*** Opening of Extracted data ***
(* Let $1\le b<\frac{n}{2}-1$ and let $T$ be a tree attaining the maximum value of $M_2$ over $\mathcal{CT}^*_{n,b}$. Then $T$ contains no internal path of length greater than $1$.
   Context: A chemical tree is a tree with maximum degree at most $4$. A branching vertex is a vertex of degree greater than $2$. An internal path is a path $u_0\cdots u_r$ ($r\ge1$) whose end vertices are branching and whose internal vertices all have degree $2$; its length is $r$. $\mathcal{CT}^*_{n,b}$ is the class of all $n$-vertex chemical trees with exactly $b$ branching vertices. $M_2(G)=\sum_{uv\in E(G)}d_ud_v$, where $d_v$ is the degree of $v$. *)

theory Defs
  imports Complex_Main
begin

definition simple_graph :: "'a set \<Rightarrow> 'a set set \<Rightarrow> bool" where
  "simple_graph V E \<longleftrightarrow> finite V \<and> (\<forall>e\<in>E. \<exists>u v. u \<in> V \<and> v \<in> V \<and> u \<noteq> v \<and> e = {u, v})"

definition deg :: "'a set set \<Rightarrow> 'a \<Rightarrow> nat" where
  "deg E v = card {e \<in> E. v \<in> e}"

definition adj_rel :: "'a set set \<Rightarrow> ('a \<times> 'a) set" where
  "adj_rel E = {(u, v). {u, v} \<in> E}"

definition connected_graph :: "'a set \<Rightarrow> 'a set set \<Rightarrow> bool" where
  "connected_graph V E \<longleftrightarrow> (\<forall>u\<in>V. \<forall>v\<in>V. (u, v) \<in> (adj_rel E)\<^sup>*)"

definition is_path :: "'a set set \<Rightarrow> 'a list \<Rightarrow> bool" where
  "is_path E ps \<longleftrightarrow> ps \<noteq> [] \<and> distinct ps \<and> (\<forall>i. i + 1 < length ps \<longrightarrow> {ps ! i, ps ! (i + 1)} \<in> E)"

definition is_cycle :: "'a set set \<Rightarrow> 'a list \<Rightarrow> bool" where
  "is_cycle E ps \<longleftrightarrow> length ps \<ge> 3 \<and> is_path E ps \<and> {last ps, hd ps} \<in> E"

definition tree :: "'a set \<Rightarrow> 'a set set \<Rightarrow> bool" where
  "tree V E \<longleftrightarrow> simple_graph V E \<and> V \<noteq> {} \<and> connected_graph V E \<and> \<not> (\<exists>ps. is_cycle E ps)"

definition chemical_tree :: "'a set \<Rightarrow> 'a set set \<Rightarrow> bool" where
  "chemical_tree V E \<longleftrightarrow> tree V E \<and> (\<forall>v\<in>V. deg E v \<le> 4)"

definition branching_vertices :: "'a set \<Rightarrow> 'a set set \<Rightarrow> 'a set" where
  "branching_vertices V E = {v \<in> V. deg E v > 2}"

definition CT_star :: "nat \<Rightarrow> nat \<Rightarrow> 'a set \<Rightarrow> 'a set set \<Rightarrow> bool" where
  "CT_star n b V E \<longleftrightarrow> chemical_tree V E \<and> card V = n \<and> card (branching_vertices V E) = b"

definition M2 :: "'a set set \<Rightarrow> nat" where
  "M2 E = (\<Sum>e\<in>E. \<Prod>v\<in>e. deg E v)"

text \<open>Internal path u_0 ... u_r (r >= 1): ends branching, interior vertices of degree 2.
  Its length is r = length ps - 1.\<close>
definition internal_path :: "'a set set \<Rightarrow> 'a list \<Rightarrow> bool" where
  "internal_path E ps \<longleftrightarrow> length ps \<ge> 2 \<and> is_path E ps \<and>
     deg E (hd ps) > 2 \<and> deg E (last ps) > 2 \<and>
     (\<forall>i. 0 < i \<and> i < length ps - 1 \<longrightarrow> deg E (ps ! i) = 2)"

end

(*
  Let u0 ... ur (r >= 2) be an internal path of an M2-maximal tree T in CT*(n,b), and let l be
  a leaf whose neighbour y has degree at least 2 (the end of a longest path). Delete the edges
  u0 u1 and u(r-1) ur and add u0 ur and l u1: the interior of the path is cut out and re-hung
  below l. This exchange keeps a chemical tree with the same branching vertices, since only
  l (1 to 2) and u(r-1) (2 to 1) change degree, and it raises M2 by
  (d(u0) - 2) (d(ur) - 2) + d(y) - 2 >= 1, contradicting maximality.
*)

theory Submission
  imports Defs
begin

section \<open>Paths and reachability\<close>

lemma adj_rel_iff [simp]: "(u, v) \<in> adj_rel E \<longleftrightarrow> {u, v} \<in> E"
  by (simp add: adj_rel_def)

lemma adj_rel_rtrancl_sym: "(u, v) \<in> (adj_rel E)\<^sup>* \<Longrightarrow> (v, u) \<in> (adj_rel E)\<^sup>*"
proof -
  have "sym (adj_rel E)"
    by (auto simp: sym_def insert_commute)
  then show "(u, v) \<in> (adj_rel E)\<^sup>* \<Longrightarrow> (v, u) \<in> (adj_rel E)\<^sup>*"
    by (meson sym_rtrancl symD)
qed

lemma adj_rel_rtrancl_mono:
  "E \<subseteq> F \<Longrightarrow> (u, v) \<in> (adj_rel E)\<^sup>* \<Longrightarrow> (u, v) \<in> (adj_rel F)\<^sup>*"
proof -
  assume "E \<subseteq> F" and "(u, v) \<in> (adj_rel E)\<^sup>*"
  moreover have "adj_rel E \<subseteq> adj_rel F"
    using \<open>E \<subseteq> F\<close> by (auto simp: adj_rel_def)
  ultimately show ?thesis
    using rtrancl_mono by blast
qed

lemma adj_rel_rtrancl_nth:
  assumes "\<And>m. i \<le> m \<Longrightarrow> m < j \<Longrightarrow> {ps ! m, ps ! Suc m} \<in> E" and "i \<le> j"
  shows "(ps ! i, ps ! j) \<in> (adj_rel E)\<^sup>*"
  using assms(2)
proof (induction rule: dec_induct)
  case base
  then show ?case by simp
next
  case (step m)
  then show ?case
    using assms(1) by (simp add: rtrancl_into_rtrancl)
qed

lemma adj_rel_rtrancl_closed:
  assumes "(x, y) \<in> (adj_rel E)\<^sup>*" and "x \<in> S" and "\<And>u v. {u, v} \<in> E \<Longrightarrow> u \<in> S \<Longrightarrow> v \<in> S"
  shows "y \<in> S"
  using assms(1,2) by induction (auto intro: assms(3))

lemma is_path_mono: "is_path E ps \<Longrightarrow> E \<subseteq> F \<Longrightarrow> is_path F ps"
  by (auto simp: is_path_def)

lemma no_cycle_mono: "\<not> (\<exists>ps. is_cycle F ps) \<Longrightarrow> E \<subseteq> F \<Longrightarrow> \<not> (\<exists>ps. is_cycle E ps)"
  by (auto simp: is_cycle_def intro: is_path_mono)

lemma simple_graph_finite_edges: "simple_graph V E \<Longrightarrow> finite E"
  by (rule finite_subset[of _ "Pow V"]) (auto simp: simple_graph_def)

lemma simple_graph_edge_vertex: "simple_graph V E \<Longrightarrow> e \<in> E \<Longrightarrow> v \<in> e \<Longrightarrow> v \<in> V"
  by (auto simp: simple_graph_def)

lemma path_vertices_subset:
  assumes "simple_graph V E" and "is_path E ps" and "2 \<le> length ps"
  shows "set ps \<subseteq> V"
proof
  fix v assume "v \<in> set ps"
  then obtain i where i: "i < length ps" "ps ! i = v"
    by (auto simp: in_set_conv_nth)
  have edge: "{ps ! j, ps ! Suc j} \<in> E" if "Suc j < length ps" for j
    using assms(2) that by (simp add: is_path_def)
  show "v \<in> V"
  proof (cases "Suc i < length ps")
    case True
    then show ?thesis
      using edge i(2) simple_graph_edge_vertex[OF assms(1)] by blast
  next
    case False
    then have "Suc (i - 1) < length ps" and "Suc (i - 1) = i"
      using i(1) assms(3) by auto
    then show ?thesis
      using edge i(2) simple_graph_edge_vertex[OF assms(1)] by (metis insertI1 insert_commute)
  qed
qed

lemma path_edges_distinct:
  assumes "distinct ps" and "Suc i < length ps" and "Suc j < length ps" and "i \<noteq> j"
  shows "{ps ! i, ps ! Suc i} \<noteq> {ps ! j, ps ! Suc j}"
  using assms by (auto simp: doubleton_eq_iff nth_eq_iff_index_eq)

lemma adj_rel_rtrancl_imp_path:
  assumes "(x, y) \<in> (adj_rel E)\<^sup>*"
  shows "\<exists>ps. is_path E ps \<and> hd ps = x \<and> last ps = y"
  using assms
proof (induction rule: converse_rtrancl_induct)
  case base
  show ?case
    by (rule exI[of _ "[y]"]) (simp add: is_path_def)
next
  case (step x z)
  then obtain p where p: "is_path E p" "hd p = z" "last p = y"
    by blast
  have ne: "p \<noteq> []" and d: "distinct p" and ed: "\<forall>i. i + 1 < length p \<longrightarrow> {p ! i, p ! (i + 1)} \<in> E"
    using p by (auto simp: is_path_def)
  show ?case
  proof (cases "x \<in> set p")
    case True
    then obtain i where i: "i < length p" "p ! i = x"
      by (metis in_set_conv_nth)
    have "is_path E (drop i p)"
      unfolding is_path_def using i d ed by (auto simp: add.commute add.left_commute)
    then show ?thesis
      using i p by (auto simp: hd_drop_conv_nth)
  next
    case False
    have "is_path E (x # p)"
      unfolding is_path_def
    proof (intro conjI allI impI)
      show "distinct (x # p)"
        using False d by simp
      fix i assume "i + 1 < length (x # p)"
      then show "{(x # p) ! i, (x # p) ! (i + 1)} \<in> E"
        using ed step.hyps(1) p(2) ne by (cases i) (auto simp: hd_conv_nth)
    qed simp
    then show ?thesis
      using p ne by auto
  qed
qed

section \<open>Cycles, bridges and edge exchange\<close>

lemma path_edge_ne_closing:
  assumes "distinct ps" and "Suc i < length ps" and "3 \<le> length ps"
  shows "{ps ! i, ps ! Suc i} \<noteq> {ps ! (length ps - 1), ps ! 0}"
proof -
  have "i < length ps" and "0 < length ps" and "length ps - 1 < length ps"
    using assms(2) by auto
  then show ?thesis
    using assms by (auto simp: doubleton_eq_iff nth_eq_iff_index_eq)
qed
*** Close of Extracted data ***
→ **Aim of the exercise**:
Restate word for word the lines of the data above, starting at the line containing "E \<longleftrightarrow> simple_graph" and ending at the line containing "2 \<and> is_path E ps \<and>", both included, and nothing more.

→ **Task answer**:
  "tree V E \<longleftrightarrow> simple_graph V E \<and> V \<noteq> {} \<and> connected_graph V E \<and> \<not> (\<exists>ps. is_cycle E ps)"

definition chemical_tree :: "'a set \<Rightarrow> 'a set set \<Rightarrow> bool" where
  "chemical_tree V E \<longleftrightarrow> tree V E \<and> (\<forall>v\<in>V. deg E v \<le> 4)"

definition branching_vertices :: "'a set \<Rightarrow> 'a set set \<Rightarrow> 'a set" where
  "branching_vertices V E = {v \<in> V. deg E v > 2}"

definition CT_star :: "nat \<Rightarrow> nat \<Rightarrow> 'a set \<Rightarrow> 'a set set \<Rightarrow> bool" where
  "CT_star n b V E \<longleftrightarrow> chemical_tree V E \<and> card V = n \<and> card (branching_vertices V E) = b"

definition M2 :: "'a set set \<Rightarrow> nat" where
  "M2 E = (\<Sum>e\<in>E. \<Prod>v\<in>e. deg E v)"

text \<open>Internal path u_0 ... u_r (r >= 1): ends branching, interior vertices of degree 2.
  Its length is r = length ps - 1.\<close>
definition internal_path :: "'a set set \<Rightarrow> 'a list \<Rightarrow> bool" where
  "internal_path E ps \<longleftrightarrow> length ps \<ge> 2 \<and> is_path E ps \<and>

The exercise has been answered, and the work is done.